Cloud refineries module:

# Available cloud refineries
from chonkie.cloud import refineries

refineries.EmbeddingsRefinery
refineries.OverlapRefinery

Usage examples:

from chonkie.cloud import Pipeline, FileManager

# Create and execute cloud pipeline
pipeline = Pipeline(
    slug="my-rag-pipeline",
    description="Pipeline for RAG processing"
)

pipeline = (
    pipeline
    .chunk_with("recursive", chunk_size=512)
    .refine_with("overlap", context_size=64)
    .refine_with("embeddings", embedding_model="all-MiniLM-L6-v2")
)

# Execute with text
chunks = pipeline.run(text="Your document text here")

# Execute with file (auto-uploaded)
chunks = pipeline.run(file="document.pdf")

# Fetch existing pipeline
existing = Pipeline.get("my-rag-pipeline")
chunks = existing.run(text="More text to process")

# List all pipelines
for p in Pipeline.list():
    print(f"{p.slug}: {p.describe()}")

# File management
file_manager = FileManager(api_key="your-key")
uploaded_file = file_manager.upload("local_document.pdf")
print(f"Uploaded: {uploaded_file.name} ({uploaded_file.size})")

Imports

All advanced features are available from the main package:

from chonkie import (
    BaseGenie,
    OpenAIGenie,
    AzureOpenAIGenie,
    GeminiGenie,
    SlumberChunker,
    NeuralChunker,
)

# Cloud modules
from chonkie import cloud

Complete Example: LLM-Powered RAG Pipeline

from chonkie import Pipeline, OpenAIGenie

# Create LLM integration
genie = OpenAIGenie(model="gpt-4", api_key="your-key")

# Build sophisticated pipeline with LLM chunking
pipe = (
    Pipeline()
    # Use LLM to make chunking decisions
    .chunk_with("slumber", genie=genie, chunk_size=1024, verbose=True)
    # Add contextual overlap
    .refine_with("overlap", context_size=0.2)
    # Add embeddings
    .refine_with("embeddings", embedding_model="openai/text-embedding-3-large")
    # Store in vector database
    .store_in("qdrant", collection_name="intelligent_chunks")
    # Export for analysis
    .export_with("json", file="llm_chunks.jsonl")
)

# Process complex document
doc = pipe.run("""
Your complex document here with multiple topics, sections, and nuanced content
that benefits from intelligent, LLM-guided chunking decisions...
""")

print(f"Created {len(doc.chunks)} intelligent chunks")

Advanced Pattern: Multi-Model LLM Strategy

from chonkie import OpenAIGenie, GeminiGenie, SlumberChunker

# Use GPT-4 for complex analysis
gpt4_genie = OpenAIGenie(model="gpt-4")
gpt4_chunker = SlumberChunker(genie=gpt4_genie, verbose=True)
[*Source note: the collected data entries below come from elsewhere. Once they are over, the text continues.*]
definition has_counts :: "nat list \<Rightarrow> tok list \<Rightarrow> bool" where
  "has_counts v w \<longleftrightarrow> (\<forall>j\<in>{1..length v}. lp_before w j = q v j)
                        \<and> lp_before w (length v + 1) = 0"

definition Tree :: "nat list \<Rightarrow> ptree" where
  "Tree v = (THE t. t \<in> Y (length v) \<and>
     expr 1 t = (THE w. w \<in> CE (length v) \<and> has_counts v w))"

end

(*
  Reading off, for every letter, the number of left parentheses standing immediately before it
  turns a tree t in Y n into a sequence of n + 1 naturals.  For a node, this sequence is the one of
  the left subtree with its first entry raised by one (the new outermost parenthesis), followed by
  the one of the right subtree.  Hence the map is injective (the first entry tells a leaf from a
  node), and its image is the set of ballot sequences: total sum n, and every prefix of length
  1 <= k <= n has sum at least k; the decomposition is inverted by cutting at the first prefix whose sum
  equals its length.  On the other side, the counts (q 1, ..., q (n + 1)) of v in N_b^n form a
  ballot sequence because v_i <= i, and every ballot sequence is attained by the nondecreasing word
  with q j letters j.  So the prescribed counts single out exactly one complete expression, and
  every tree arises.
*)
theory Submission imports Defs begin

(* lp_counts a t ! i is the number of left parentheses immediately before the (i+1)-st letter of
   expr k t, when a further a left parentheses are written in front of the expression. *)
fun lp_counts :: "nat \<Rightarrow> ptree \<Rightarrow> nat list" where
  "lp_counts a Leaf = [a]"
| "lp_counts a (Node l r) = lp_counts (Suc a) l @ lp_counts 0 r"

lemma leaves_eq_Suc_internal: "leaves t = Suc (internal t)"
  by (induction t) auto

lemma length_lp_counts [simp]: "length (lp_counts a t) = leaves t"
  by (induction t arbitrary: a) auto

lemma sum_list_lp_counts: "sum_list (lp_counts a t) = a + internal t"
  by (induction t arbitrary: a) auto

lemma lp_counts_eq_Cons: "lp_counts a t = (a + hd (lp_counts 0 t)) # tl (lp_counts 0 t)"
proof (induction t arbitrary: a)
  case (Node l r)
  show ?case using Node.IH(1)[of "Suc a"] Node.IH(1)[of 1] by simp
qed simp

lemma lp_counts_neq_Nil [simp]: "lp_counts a t \<noteq> []"
  by (induction t arbitrary: a) auto

lemma hd_lp_counts_append_eq_iff: "hd (lp_counts a t @ s) = a \<longleftrightarrow> t = Leaf"
  using lp_counts_eq_Cons[of "Suc a"] by (cases t) auto

lemma lp_counts_append_inj:
  "lp_counts a t1 @ s1 = lp_counts a t2 @ s2 \<Longrightarrow> t1 = t2 \<and> s1 = s2"
proof (induction t1 arbitrary: a t2 s1 s2)
  case Leaf
  then have "t2 = Leaf"
    using hd_lp_counts_append_eq_iff[of a Leaf s1] hd_lp_counts_append_eq_iff[of a t2 s2] by simp
  with Leaf.prems show ?case by simp
next
  case (Node l1 r1)
  have "t2 \<noteq> Leaf"
    using Node.prems hd_lp_counts_append_eq_iff[of a "Node l1 r1" s1]
      hd_lp_counts_append_eq_iff[of a t2 s2]
    by auto
  then obtain l2 r2 where t2: "t2 = Node l2 r2" by (cases t2) auto
  with Node.prems have
    "lp_counts (Suc a) l1 @ lp_counts 0 r1 @ s1 = lp_counts (Suc a) l2 @ lp_counts 0 r2 @ s2"
    by simp
  then have "l1 = l2" and "lp_counts 0 r1 @ s1 = lp_counts 0 r2 @ s2"
    using Node.IH(1) by blast+
  then show ?case using Node.IH(2) t2 by blast
qed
# Use Gemini for faster processing
gemini_genie = GeminiGenie(model="gemini-1.5-flash")
gemini_chunker = SlumberChunker(genie=gemini_genie, verbose=False)

# Choose based on document complexity
def chunk_intelligently(text: str, is_complex: bool):
    if is_complex:
        return gpt4_chunker(text)
    else:
        return gemini_chunker(text)

# Process documents
simple_chunks = chunk_intelligently("Simple document...", is_complex=False)
complex_chunks = chunk_intelligently("Complex research paper...", is_complex=True)
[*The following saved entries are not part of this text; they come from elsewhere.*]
lemma C11_add:
  fixes F1 F2 :: "'a::euclidean_space \<Rightarrow> real"
  assumes "C11 F1" "C11 F2"
  shows "C11 (\<lambda>x. F1 x + F2 x)"
proof -
  obtain G1 where G1: "\<And>x. (F1 has_derivative (\<lambda>h. G1 x \<bullet> h)) (at x)" "continuous_on UNIV G1"
    "\<And>x. \<exists>r>0. \<exists>L. \<forall>y\<in>ball x r. \<forall>z\<in>ball x r. norm (G1 y - G1 z) \<le> L * norm (y - z)"
    using assms(1) unfolding C11_def by blast
  obtain G2 where G2: "\<And>x. (F2 has_derivative (\<lambda>h. G2 x \<bullet> h)) (at x)" "continuous_on UNIV G2"
    "\<And>x. \<exists>r>0. \<exists>L. \<forall>y\<in>ball x r. \<forall>z\<in>ball x r. norm (G2 y - G2 z) \<le> L * norm (y - z)"
    using assms(2) unfolding C11_def by blast
  show ?thesis
    unfolding C11_def
  proof (intro exI[of _ "\<lambda>x. G1 x + G2 x"] conjI allI)
    show "((\<lambda>x. F1 x + F2 x) has_derivative (\<lambda>h. (G1 x + G2 x) \<bullet> h)) (at x)" for x
      using has_derivative_add[OF G1(1) G2(1)] by (simp add: inner_add_left)
    show "continuous_on UNIV (\<lambda>x. G1 x + G2 x)"
      using G1(2) G2(2) by (rule continuous_on_add)
    fix x
    obtain r1 L1 where r1: "r1 > 0"
      "\<And>y z. y \<in> ball x r1 \<Longrightarrow> z \<in> ball x r1 \<Longrightarrow> norm (G1 y - G1 z) \<le> L1 * norm (y - z)"
      using G1(3) by blast
    obtain r2 L2 where r2: "r2 > 0"
      "\<And>y z. y \<in> ball x r2 \<Longrightarrow> z \<in> ball x r2 \<Longrightarrow> norm (G2 y - G2 z) \<le> L2 * norm (y - z)"
      using G2(3) by blast
    have "norm (G1 y + G2 y - (G1 z + G2 z)) \<le> (L1 + L2) * norm (y - z)"
      if "y \<in> ball x (min r1 r2)" "z \<in> ball x (min r1 r2)" for y z
    proof -
      have "norm (G1 y + G2 y - (G1 z + G2 z)) \<le> norm (G1 y - G1 z) + norm (G2 y - G2 z)"
        by (metis add_diff_add norm_triangle_ineq)
      also have "\<dots> \<le> (L1 + L2) * norm (y - z)"
        using r1(2)[of y z] r2(2)[of y z] that by (simp add: distrib_right)
      finally show ?thesis .
    qed
    then show "\<exists>r>0. \<exists>L. \<forall>y\<in>ball x r. \<forall>z\<in>ball x r.
        norm (G1 y + G2 y - (G1 z + G2 z)) \<le> L * norm (y - z)"
      using r1(1) r2(1) by (metis min_less_iff_conj)
  qed
qed

lemma C11_scaled_sq_norm: "C11 (\<lambda>x::'a::euclidean_space. c * (norm x)\<^sup>2)"
proof (rule C11_of_quadratic_approx[where K = "\<bar>c\<bar>" and D = "\<lambda>x. (2 * c) *\<^sub>R x"])
  fix x y :: 'a
  have "c * (norm y)\<^sup>2 - c * (norm x)\<^sup>2 - (2 * c) *\<^sub>R x \<bullet> (y - x) = c * (norm (y - x))\<^sup>2"
    by (simp add: power2_norm_eq_inner inner_diff_left inner_diff_right inner_commute algebra_simps)
  then show "\<bar>c * (norm y)\<^sup>2 - c * (norm x)\<^sup>2 - (2 * c) *\<^sub>R x \<bullet> (y - x)\<bar> \<le> \<bar>c\<bar> * (norm (y - x))\<^sup>2"
    by (simp add: abs_mult)
qed simp

definition affine_minorants :: "('a::real_inner \<Rightarrow> real) set \<Rightarrow> (real \<times> 'a) set" where
  "affine_minorants U = {(c, w). \<forall>u\<in>U. \<forall>z. c + w \<bullet> z \<le> u z}"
Performance Considerations

SlumberChunker

  • Uses LLM API calls, which can be slow and costly
  • Best for high-value documents where quality > speed
  • verbose=True helps understand LLM decisions
  • candidate_size controls how much text is sent to LLM per decision
  • Consider caching LLM responses for repeated processing

NeuralChunker

  • Requires GPU for best performance
  • Model loading has one-time startup cost
  • Fast inference after model is loaded
  • Consider batching for multiple documents
# Optimize for batch processing
from chonkie import NeuralChunker

chunker = NeuralChunker(device_map="cuda:0")

# Process multiple documents efficiently
texts = ["Doc 1...", "Doc 2...", "Doc 3..."]
all_chunks = chunker.chunk_batch(texts)

Experimental Features

The chonkie.experimental module contains experimental features:

from chonkie import experimental

# Experimental code analysis features
# Note: Not exported in main API, subject to change

These features are under active development and may change in future versions.